◆ **WORK ORDER**
Copy word for word the lines from the start of the records through the line that contains "by (rule exists_jump)", both included.

◆ **Records from a collection**

════════════════════

lemma pure_beta_raise_tail_bounds:
  assumes inc: "\<And>j. j < N \<Longrightarrow> d j < d (Suc j)" and d0: "d 0 = 0"
    and "1 \<le> k" "k \<le> N" "1 \<le> i" "i \<le> N"
  shows "pure_beta N d i / N \<le> pure_beta N (raise_tail k d) i
    \<and> pure_beta N (raise_tail k d) i \<le> N * pure_beta N d i"
proof (cases "i < k")
  case True
  have "0 \<le> pure_beta N d i" using pure_beta_nonneg[OF inc d0] .
  then have "pure_beta N d i \<le> N * pure_beta N d i"
    using assms mult_right_mono[of 1 "real N"] by simp
  then show ?thesis
    using pure_beta_raise_tail_unraised[OF inc d0] True assms by fastforce
next
  case False
  then show ?thesis
    using pure_beta_raise_tail_raised[OF inc d0] assms by simp
qed

lemma pure_beta_bounds_excess:
  assumes "\<And>j. j < N \<Longrightarrow> d j < d (Suc j)" "d 0 = 0" "d N = int (N + e)" "1 \<le> i" "i \<le> N"
  shows "real (N choose i) / real N ^ e \<le> pure_beta N d i
    \<and> pure_beta N d i \<le> real (N choose i) * real N ^ e"
  using assms
proof (induction e arbitrary: d)
  case 0
  have "d j = int j" if "j \<le> N" for j
    using strict_inc_diff_ge[of N d 0 j] strict_inc_diff_ge[of N d j N] 0 that by simp
  then show ?case using pure_beta_id 0 by simp
next
  case (Suc e)
  have "d 0 + int N < d N" using Suc.prems(2,3) by simp
  then obtain k where k: "k < N" "d k + 1 < d (Suc k)" by (rule exists_jump)
  define d' where "d' j = (if Suc k \<le> j then d j - 1 else d j)" for j
  have inc': "d' j < d' (Suc j)" if "j < N" for j
    using Suc.prems(1)[OF that] k by (cases "j = k") (auto simp: d'_def)
  have d'0: "d' 0 = 0" and d'N: "d' N = int (N + e)"
    using Suc.prems(2,3) k by (auto simp: d'_def)
  note IH = Suc.IH[OF inc' d'0 d'N Suc.prems(4,5)]
  have "raise_tail (Suc k) d' = d"
    by (auto simp: raise_tail_def d'_def)
  then have step: "pure_beta N d' i / N \<le> pure_beta N d i \<and> pure_beta N d i \<le> N * pure_beta N d' i"
    using pure_beta_raise_tail_bounds[of N d' "Suc k" i, OF inc' d'0] k Suc.prems by simp
  have "real (N choose i) / real N ^ Suc e = real (N choose i) / real N ^ e / N" by simp
  also have "\<dots> \<le> pure_beta N d' i / N" using IH by (intro divide_right_mono) auto
  finally have lower: "real (N choose i) / real N ^ Suc e \<le> pure_beta N d i" using step by linarith
  have "N * pure_beta N d' i \<le> N * (real (N choose i) * real N ^ e)" using IH by (intro mult_left_mono) auto
  then have upper: "pure_beta N d i \<le> real (N choose i) * real N ^ Suc e"
    using step by (simp add: algebra_simps)
  show ?case using lower upper ..
qed
lemma jbr_le_two_shifts:
  assumes "\<sigma> \<in> {0, 1}"
  shows "jbr q \<le> 4 * jbr u * jbr v * jbr (q + \<sigma> * u + v)"
proof (cases "\<sigma> = 0")
  case True
  have "jbr q \<le> 2 * jbr v * jbr (q + v)"
    by (rule jbr_le_shift)
  also have "\<dots> \<le> 2 * (2 * jbr u) * jbr v * jbr (q + v)"
    using jbr_ge_1 [of u] jbr_pos [of v] jbr_pos [of "q + v"] by simp
  finally show ?thesis
    using True by simp
next
  case False
  with assms have "\<sigma> = 1"
    by simp
  have "jbr q \<le> 2 * jbr u * jbr (q + u)"
    by (rule jbr_le_shift)
  also have "\<dots> \<le> 2 * jbr u * (2 * jbr v * jbr (q + u + v))"
    using jbr_le_shift [of "q + u" v] jbr_pos [of u] by simp
  finally show ?thesis
    using \<open>\<sigma> = 1\<close> by (simp add: mult_ac)
qed

lemma powr_le_max_1:
  fixes r w :: real
  assumes "0 < r" "0 \<le> w" "w \<le> 1"
  shows "r powr w \<le> max 1 r"
proof (cases "r \<le> 1")
  case True
  then show ?thesis
    using assms powr_le1 [of w r] by simp
next
  case False
  then have "r powr w \<le> r powr 1"
    using assms by (intro powr_mono) auto
  then show ?thesis
    using assms by simp
qed

lemma powr_weight_le:
  fixes q u v c w :: real
  assumes "0 \<le> w" "w \<le> 1" and pos: "0 < q" "0 < u" "0 < v"
    and "q \<le> c * u * v" "1 \<le> c"
  shows "u powr (- w) * v powr (- w) \<le> c * q powr (- w)"
proof -
  define r where "r = q / (u * v)"
  have "0 < r"
    unfolding r_def using pos by simp
  have "r \<le> c"
    unfolding r_def using pos assms(6) by (simp add: divide_le_eq mult_ac)
  have "u powr (- w) * v powr (- w) = r powr w * q powr (- w)"
    unfolding r_def using pos by (simp add: powr_minus powr_divide powr_mult field_simps)
  also have "\<dots> \<le> c * q powr (- w)"
    using powr_le_max_1 [OF \<open>0 < r\<close> assms(1,2)] \<open>r \<le> c\<close> \<open>1 \<le> c\<close>
    by (intro mult_right_mono) auto
  finally show ?thesis .
qed

lemma prod_jbr_le_jbr_norm_power:
  fixes x :: "real ^ 'n"
  shows "(\<Prod>j\<in>UNIV. jbr (x $ j)) \<le> jbr (norm x) ^ CARD('n)"
proof -
  have "jbr (x $ j) \<le> jbr (norm x)" for j
  proof -
    have "\<bar>x $ j\<bar>^2 \<le> (norm x)^2"
      using component_le_norm_cart [of x j] by (intro power_mono) auto
    then show ?thesis
      unfolding jbr_def by simp
  qed
  then have "(\<Prod>j\<in>UNIV. jbr (x $ j)) \<le> (\<Prod>j\<in>(UNIV :: 'n set). jbr (norm x))"
    by (intro prod_mono) (simp add: less_imp_le [OF jbr_pos])
  then show ?thesis
    by simp
qed

lemma prod_four_jbr_le:
  fixes x :: "real ^ 'n"
  assumes "CARD('n) \<le> 4"
  shows "(\<Prod>j\<in>UNIV. 4 * jbr (x $ j)) \<le> 256 * (1 + (norm x)^2)^2"
proof -
  have "(\<Prod>j\<in>UNIV. 4 * jbr (x $ j)) = 4 ^ CARD('n) * (\<Prod>j\<in>UNIV. jbr (x $ j))"
    by (simp add: prod.distrib)
  also have "\<dots> \<le> 4 ^ 4 * jbr (norm x) ^ 4"
  proof (rule mult_mono)
    show "(4::real) ^ CARD('n) \<le> 4 ^ 4"
      using assms by (intro power_increasing) auto
    show "(\<Prod>j\<in>UNIV. jbr (x $ j)) \<le> jbr (norm x) ^ 4"
      using prod_jbr_le_jbr_norm_power [of x] power_increasing [OF assms jbr_ge_1 [of "norm x"]]
      by linarith
  qed (simp_all add: prod_nonneg less_imp_le [OF jbr_pos])
  also have "\<dots> = 256 * ((jbr (norm x))^2)^2"
    by (simp flip: power_mult)
  also have "\<dots> = 256 * (1 + (norm x)^2)^2"
    by (simp add: jbr_def)
  finally show ?thesis .
qed

lemma min_le_if_mult_le_square:
  fixes a b m :: real
  assumes "0 \<le> m" "a * b \<le> m^2"
  shows "min a b \<le> m"
proof (cases "min a b \<le> 0")
  case False
  have "min a b * min a b \<le> a * b"
    by (rule mult_mono) (use False in auto)
  with assms(2) have "(min a b)^2 \<le> m^2"
    by (simp add: power2_eq_square)
  then show ?thesis
    using assms(1) by (rule power2_le_imp_le)
qed (use assms in simp)

definition resolvent_const :: "real \<Rightarrow> real" where
  "resolvent_const E = 4 + 1 / E + 4 * E"

lemma resolvent_const_pos: "0 < E \<Longrightarrow> 0 < resolvent_const E"
  unfolding resolvent_const_def by (intro add_pos_pos) auto
(* Every graph $G$ satisfies $\chi'_{qm}(G)\le 3$.
   Context: All graphs are simple and finite. A $k$-edge-coloring of $G$ is any map $c:E(G)\to\{1,\dots,k\}$ (adjacent edges may share colors). It is quasi-majority if every vertex $v$ is incident to at most $\lceil d(v)/2\rceil$ edges of each single color. $\chi'_{qm}(G)$ denotes the least $k$ such that $G$ has a quasi-majority $k$-edge-coloring. *)

theory Defs
  imports Complex_Main
begin

definition simple_graph :: "'a set \<Rightarrow> 'a set set \<Rightarrow> bool" where
  "simple_graph V E \<longleftrightarrow> finite V \<and> (\<forall>e\<in>E. e \<subseteq> V \<and> card e = 2)"

definition incident_edges :: "'a set set \<Rightarrow> 'a \<Rightarrow> 'a set set" where
  "incident_edges E v = {e \<in> E. v \<in> e}"

definition degree :: "'a set set \<Rightarrow> 'a \<Rightarrow> nat" where
  "degree E v = card (incident_edges E v)"

definition edge_coloring :: "'a set set \<Rightarrow> nat \<Rightarrow> ('a set \<Rightarrow> nat) \<Rightarrow> bool" where
  "edge_coloring E k c \<longleftrightarrow> (\<forall>e\<in>E. c e \<in> {1..k})"

definition quasi_majority :: "'a set \<Rightarrow> 'a set set \<Rightarrow> ('a set \<Rightarrow> nat) \<Rightarrow> bool" where
  "quasi_majority V E c \<longleftrightarrow>
     (\<forall>v\<in>V. \<forall>i. card {e \<in> incident_edges E v. c e = i} \<le> nat \<lceil>real (degree E v) / 2\<rceil>)"

definition chi_qm :: "'a set \<Rightarrow> 'a set set \<Rightarrow> nat" where
  "chi_qm V E = (LEAST k. \<exists>c. edge_coloring E k c \<and> quasi_majority V E c)"

end

theory Submission
  imports Defs
begin

text \<open>Delete a vertex \<open>v\<close> and colour \<open>G - v\<close> by induction. A neighbour \<open>u\<close> of \<open>v\<close> has
  degree \<open>d(u) - 1\<close> in \<open>G - v\<close>, so at most one of the three colours already occurs
  \<open>\<lceil>d(u)/2\<rceil>\<close> times at \<open>u\<close>: the edge \<open>uv\<close> has a list of at least two colours that keep \<open>u\<close>
  quasi-majority. The edges at \<open>v\<close> are then coloured greedily from these lists: while an
  edge at \<open>v\<close> is still uncoloured, two colours cannot both be used \<open>\<lceil>d(v)/2\<rceil>\<close> times at \<open>v\<close>.\<close>

lemma nat_ceiling_half: "nat \<lceil>real d / 2\<rceil> = (d + 1) div 2"
proof (cases "even d")
  case True
  then show ?thesis by auto
next
  case False
  then obtain k where k: "d = 2 * k + 1" using oddE by blast
  have "\<lceil>real d / 2\<rceil> = int k + 1"
    by (rule ceiling_unique) (auto simp: k)
  then show ?thesis using k by simp
qed

definition colour_class :: "'a set set \<Rightarrow> ('a set \<Rightarrow> nat) \<Rightarrow> 'a \<Rightarrow> nat \<Rightarrow> 'a set set" where
  "colour_class E c v i = {e \<in> incident_edges E v. c e = i}"

definition delete_vertex :: "'a set set \<Rightarrow> 'a \<Rightarrow> 'a set set" where
  "delete_vertex E v = {e \<in> E. v \<notin> e}"

lemma quasi_majority_iff:
  "quasi_majority V E c \<longleftrightarrow> (\<forall>v\<in>V. \<forall>i. card (colour_class E c v i) \<le> (degree E v + 1) div 2)"
  by (simp add: quasi_majority_def colour_class_def nat_ceiling_half)

lemma card_two_fibres_le:
  assumes "finite A" "i \<noteq> j"
  shows "card {x \<in> A. f x = i} + card {x \<in> A. f x = j} \<le> card A"
proof -
  have "card {x \<in> A. f x = i} + card {x \<in> A. f x = j} = card ({x \<in> A. f x = i} \<union> {x \<in> A. f x = j})"
    using assms by (intro card_Un_disjoint[symmetric]) auto
  also have "\<dots> \<le> card A"
    using assms(1) by (intro card_mono) auto
  finally show ?thesis .
qed

lemma list_coloring_balanced:
  assumes "finite S" "card S \<le> 2 * m"
    and "\<And>x. x \<in> S \<Longrightarrow> \<exists>a\<in>L x. \<exists>b\<in>L x. a \<noteq> b"
  shows "\<exists>g. (\<forall>x\<in>S. g x \<in> L x) \<and> (\<forall>i. card {x \<in> S. g x = i} \<le> m)"
  using assms
proof (induction S rule: finite_induct)
  case empty
  then show ?case by auto
next
  case (insert x S)
  then obtain g where g_lists: "\<forall>y\<in>S. g y \<in> L y" and g_classes: "\<forall>i. card {y \<in> S. g y = i} \<le> m"
    by auto
  obtain a b where ab: "a \<in> L x" "b \<in> L x" "a \<noteq> b"
    using insert.prems(2) by blast
  have "card {y \<in> S. g y = a} + card {y \<in> S. g y = b} < 2 * m"
    using card_two_fibres_le[OF insert.hyps(1) ab(3), of g] insert.prems(1) insert.hyps by simp
  then have "card {y \<in> S. g y = a} < m \<or> card {y \<in> S. g y = b} < m"
    by linarith
  then obtain k where k: "k \<in> L x" "card {y \<in> S. g y = k} < m"
    using ab by blast
  have "card {y \<in> insert x S. (g(x := k)) y = i} \<le> m" for i
  proof (cases "k = i")
    case True
    then have "{y \<in> insert x S. (g(x := k)) y = i} = insert x {y \<in> S. g y = i}"
      using insert.hyps(2) by auto
    then show ?thesis
      using True k(2) insert.hyps(1) by (simp add: card_insert_if)
  next
    case False
    then have "{y \<in> insert x S. (g(x := k)) y = i} = {y \<in> S. g y = i}"
      using insert.hyps(2) by auto
    then show ?thesis using g_classes by simp
  qed
  moreover have "\<forall>y\<in>insert x S. (g(x := k)) y \<in> L y"
    using g_lists k(1) by simp
  ultimately show ?case by blast
qed

lemma two_small_fibres_of_three:
  fixes f :: "'a \<Rightarrow> nat"
  assumes "finite A" "card A < 2 * N"
  shows "\<exists>a\<in>{i \<in> {1..3}. card {x \<in> A. f x = i} < N}. \<exists>b\<in>{i \<in> {1..3}. card {x \<in> A. f x = i} < N}. a \<noteq> b"
proof -
  have small: "card {x \<in> A. f x = i} < N \<or> card {x \<in> A. f x = j} < N" if "i \<noteq> j" for i j
    using card_two_fibres_le[OF assms(1) that, of f] assms(2) by linarith
  consider "card {x \<in> A. f x = 1} < N" "card {x \<in> A. f x = 2} < N"
    | "card {x \<in> A. f x = 1} < N" "card {x \<in> A. f x = 3} < N"
    | "card {x \<in> A. f x = 2} < N" "card {x \<in> A. f x = 3} < N"
    using small[of 1 2] small[of 1 3] small[of 2 3] by fastforce
  then show ?thesis
  proof cases
    case 1
    then show ?thesis by (intro bexI[of _ 1] bexI[of _ 2]) auto
  next
    case 2
    then show ?thesis by (intro bexI[of _ 1] bexI[of _ 3]) auto
  next
    case 3
    then show ?thesis by (intro bexI[of _ 2] bexI[of _ 3]) auto
  qed
qed

lemma edge_eq_if_endpoints:
  assumes "card e = 2" "u \<in> e" "v \<in> e" "u \<noteq> v"
  shows "e = {u, v}"
proof -
  obtain a b where "e = {a, b}" "a \<noteq> b"
    using assms(1) by (auto simp: card_2_iff)
  then show ?thesis
    using assms(2-4) by auto
qed

lemma incident_edges_delete_vertex:
  assumes "\<forall>e\<in>E. card e = 2" "u \<noteq> v"
  shows "incident_edges E u = incident_edges (delete_vertex E v) u \<union> (E \<inter> {{u, v}})"
  using assms edge_eq_if_endpoints[of _ u v] by (auto simp: incident_edges_def delete_vertex_def)

lemma degree_delete_vertex:
  assumes "finite E" "\<forall>e\<in>E. card e = 2" "u \<noteq> v"
  shows "degree E u = degree (delete_vertex E v) u + card (E \<inter> {{u, v}})"
  unfolding degree_def incident_edges_delete_vertex[OF assms(2,3)]
  using assms(1) by (intro card_Un_disjoint) (auto simp: incident_edges_def delete_vertex_def)

definition free_colours :: "'a set set \<Rightarrow> 'a \<Rightarrow> ('a set \<Rightarrow> nat) \<Rightarrow> 'a set \<Rightarrow> nat set" where
  "free_colours E v c e = {i \<in> {1..3}. \<forall>u \<in> e - {v}.
     card (colour_class (delete_vertex E v) c u i) < (degree E u + 1) div 2}"

lemma two_free_colours:
  fixes c :: "'a set \<Rightarrow> nat"
  assumes fin: "finite E" and two: "\<forall>e\<in>E. card e = 2" and e: "e \<in> incident_edges E v"
  shows "\<exists>a\<in>free_colours E v c e. \<exists>b\<in>free_colours E v c e. a \<noteq> b"
proof -
  have "e \<in> E" "v \<in> e" "card e = 2"
    using e two by (auto simp: incident_edges_def)
  then obtain u where u: "u \<noteq> v" "e = {u, v}"
    using edge_eq_if_endpoints by (fastforce simp: card_2_iff)
  then have "degree E u = degree (delete_vertex E v) u + 1"
    using degree_delete_vertex[OF fin two u(1)] \<open>e \<in> E\<close> by simp
  then have "card (incident_edges (delete_vertex E v) u) < 2 * ((degree E u + 1) div 2)"
    by (simp add: degree_def)
  moreover have "finite (incident_edges (delete_vertex E v) u)"
    using fin by (simp add: incident_edges_def delete_vertex_def)
  moreover have "free_colours E v c e
      = {i \<in> {1..3}. card (colour_class (delete_vertex E v) c u i) < (degree E u + 1) div 2}"
    using u by (auto simp: free_colours_def)
  ultimately show ?thesis
    using two_small_fibres_of_three[of _ _ c] by (simp add: colour_class_def)
qed

lemma colour_class_bound_off_vertex:
  assumes fin: "finite E" and two: "\<forall>e\<in>E. card e = 2" and "w \<noteq> v"
    and agree: "\<forall>e\<in>delete_vertex E v. c e = c' e"
    and old_bound: "card (colour_class (delete_vertex E v) c' w i) \<le> (degree (delete_vertex E v) w + 1) div 2"
    and free: "{w, v} \<in> E \<Longrightarrow> c {w, v} \<in> free_colours E v c' {w, v}"
  shows "card (colour_class E c w i) \<le> (degree E w + 1) div 2"
proof -
  let ?old = "colour_class (delete_vertex E v) c' w i"
  have "colour_class E c w i
      = {e \<in> incident_edges (delete_vertex E v) w. c e = i} \<union> {e \<in> E \<inter> {{w, v}}. c e = i}"
    unfolding colour_class_def incident_edges_delete_vertex[OF two \<open>w \<noteq> v\<close>] by blast
  also have "{e \<in> incident_edges (delete_vertex E v) w. c e = i} = ?old"
    using agree by (auto simp: colour_class_def incident_edges_def)
  finally have split: "colour_class E c w i = ?old \<union> {e \<in> E \<inter> {{w, v}}. c e = i}" .
  show ?thesis
  proof (cases "{w, v} \<in> E \<and> c {w, v} = i")
    case True
    have "card (colour_class E c w i) \<le> card ?old + card {e \<in> E \<inter> {{w, v}}. c e = i}"
      unfolding split by (rule card_Un_le)
    moreover have "card {e \<in> E \<inter> {{w, v}}. c e = i} \<le> 1"
      using card_mono[of "{{w, v}}" "{e \<in> E \<inter> {{w, v}}. c e = i}"] by auto
    moreover have "card ?old < (degree E w + 1) div 2"
      using free True \<open>w \<noteq> v\<close> by (auto simp: free_colours_def)
    ultimately show ?thesis
      by linarith
  next
    case False
    then have no_new_edge: "{e \<in> E \<inter> {{w, v}}. c e = i} = {}"
      by auto
    have "card (colour_class E c w i) = card ?old"
      unfolding split no_new_edge by simp
    also have "\<dots> \<le> (degree (delete_vertex E v) w + 1) div 2"
      by (rule old_bound)
    also have "\<dots> \<le> (degree E w + 1) div 2"
      using degree_delete_vertex[OF fin two \<open>w \<noteq> v\<close>] by (intro div_le_mono) simp
    finally show ?thesis .
  qed
qed

lemma quasi_majority_3_coloring_extend:
  assumes fin: "finite E" and two: "\<forall>e\<in>E. card e = 2"
    and col': "edge_coloring (delete_vertex E v) 3 c'"
    and qm': "quasi_majority UNIV (delete_vertex E v) c'"
  shows "\<exists>c. edge_coloring E 3 c \<and> quasi_majority UNIV E c"
proof -
  have "finite (incident_edges E v)" "card (incident_edges E v) \<le> 2 * ((degree E v + 1) div 2)"
    using fin by (simp_all add: incident_edges_def degree_def)
  then obtain g where g_lists: "\<forall>e\<in>incident_edges E v. g e \<in> free_colours E v c' e"
    and g_classes: "\<forall>i. card {e \<in> incident_edges E v. g e = i} \<le> (degree E v + 1) div 2"
    using list_coloring_balanced[of "incident_edges E v" _ "free_colours E v c'"]
      two_free_colours[OF fin two] by blast
  define c where "c e = (if v \<in> e then g e else c' e)" for e
  have "edge_coloring E 3 c"
    using col' g_lists
    by (auto simp: edge_coloring_def c_def free_colours_def incident_edges_def delete_vertex_def)
  moreover have "card (colour_class E c w i) \<le> (degree E w + 1) div 2" for w i
  proof (cases "w = v")
    case True
    then have "colour_class E c w i = {e \<in> incident_edges E v. g e = i}"
      by (auto simp: colour_class_def c_def incident_edges_def)
    then show ?thesis
      using g_classes True by simp
  next
    case False
    show ?thesis
    proof (rule colour_class_bound_off_vertex[OF fin two False])
      show "\<forall>e\<in>delete_vertex E v. c e = c' e"
        by (simp add: c_def delete_vertex_def)
      show "card (colour_class (delete_vertex E v) c' w i) \<le> (degree (delete_vertex E v) w + 1) div 2"
        using qm' by (simp add: quasi_majority_iff)
      show "c {w, v} \<in> free_colours E v c' {w, v}" if "{w, v} \<in> E"
        using g_lists that by (simp add: c_def incident_edges_def)
    qed
  qed
  ultimately show ?thesis
    by (auto simp: quasi_majority_iff)
qed

lemma quasi_majority_3_coloring_exists:
  assumes "finite V" "\<forall>e\<in>E. e \<subseteq> V \<and> card e = 2"
  shows "\<exists>c. edge_coloring E 3 c \<and> quasi_majority UNIV E c"
  using assms
proof (induction V arbitrary: E rule: finite_induct)
  case empty
  then have "E = {}"
    by (metis card.empty ex_in_conv subset_empty zero_neq_numeral)
  then show ?case
    by (simp add: edge_coloring_def quasi_majority_iff colour_class_def incident_edges_def)
next
  case (insert v V)
  have "E \<subseteq> Pow (insert v V)"
    using insert.prems by auto
  then have "finite E"
    using insert.hyps(1) by (simp add: finite_subset)
  moreover have "\<forall>e\<in>E. card e = 2"
    using insert.prems by blast
  moreover have "\<forall>e\<in>delete_vertex E v. e \<subseteq> V \<and> card e = 2"
    using insert.prems by (auto simp: delete_vertex_def)
  then obtain c' where "edge_coloring (delete_vertex E v) 3 c'" "quasi_majority UNIV (delete_vertex E v) c'"
    using insert.IH by blast
  ultimately show ?case
    by (rule quasi_majority_3_coloring_extend)
qed

theorem mainTheorem13:
  fixes V :: "'a set" and E :: "'a set set"
  assumes "simple_graph V E"
  shows "chi_qm V E \<le> 3"
proof -
  have "finite V" "\<forall>e\<in>E. e \<subseteq> V \<and> card e = 2"
    using assms by (simp_all add: simple_graph_def)
  then obtain c where "edge_coloring E 3 c" "quasi_majority UNIV E c"
    using quasi_majority_3_coloring_exists by blast
  then have "\<exists>c. edge_coloring E 3 c \<and> quasi_majority V E c"
    by (auto simp: quasi_majority_def)
  then show ?thesis
    unfolding chi_qm_def by (rule Least_le)
qed

end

════════════════════

◆ **SOLUTION**
lemma pure_beta_raise_tail_bounds:
  assumes inc: "\<And>j. j < N \<Longrightarrow> d j < d (Suc j)" and d0: "d 0 = 0"
    and "1 \<le> k" "k \<le> N" "1 \<le> i" "i \<le> N"
  shows "pure_beta N d i / N \<le> pure_beta N (raise_tail k d) i
    \<and> pure_beta N (raise_tail k d) i \<le> N * pure_beta N d i"
proof (cases "i < k")
  case True
  have "0 \<le> pure_beta N d i" using pure_beta_nonneg[OF inc d0] .
  then have "pure_beta N d i \<le> N * pure_beta N d i"
    using assms mult_right_mono[of 1 "real N"] by simp
  then show ?thesis
    using pure_beta_raise_tail_unraised[OF inc d0] True assms by fastforce
next
  case False
  then show ?thesis
    using pure_beta_raise_tail_raised[OF inc d0] assms by simp
qed

lemma pure_beta_bounds_excess:
  assumes "\<And>j. j < N \<Longrightarrow> d j < d (Suc j)" "d 0 = 0" "d N = int (N + e)" "1 \<le> i" "i \<le> N"
  shows "real (N choose i) / real N ^ e \<le> pure_beta N d i
    \<and> pure_beta N d i \<le> real (N choose i) * real N ^ e"
  using assms
proof (induction e arbitrary: d)
  case 0
  have "d j = int j" if "j \<le> N" for j
    using strict_inc_diff_ge[of N d 0 j] strict_inc_diff_ge[of N d j N] 0 that by simp
  then show ?case using pure_beta_id 0 by simp
next
  case (Suc e)
  have "d 0 + int N < d N" using Suc.prems(2,3) by simp
  then obtain k where k: "k < N" "d k + 1 < d (Suc k)" by (rule exists_jump)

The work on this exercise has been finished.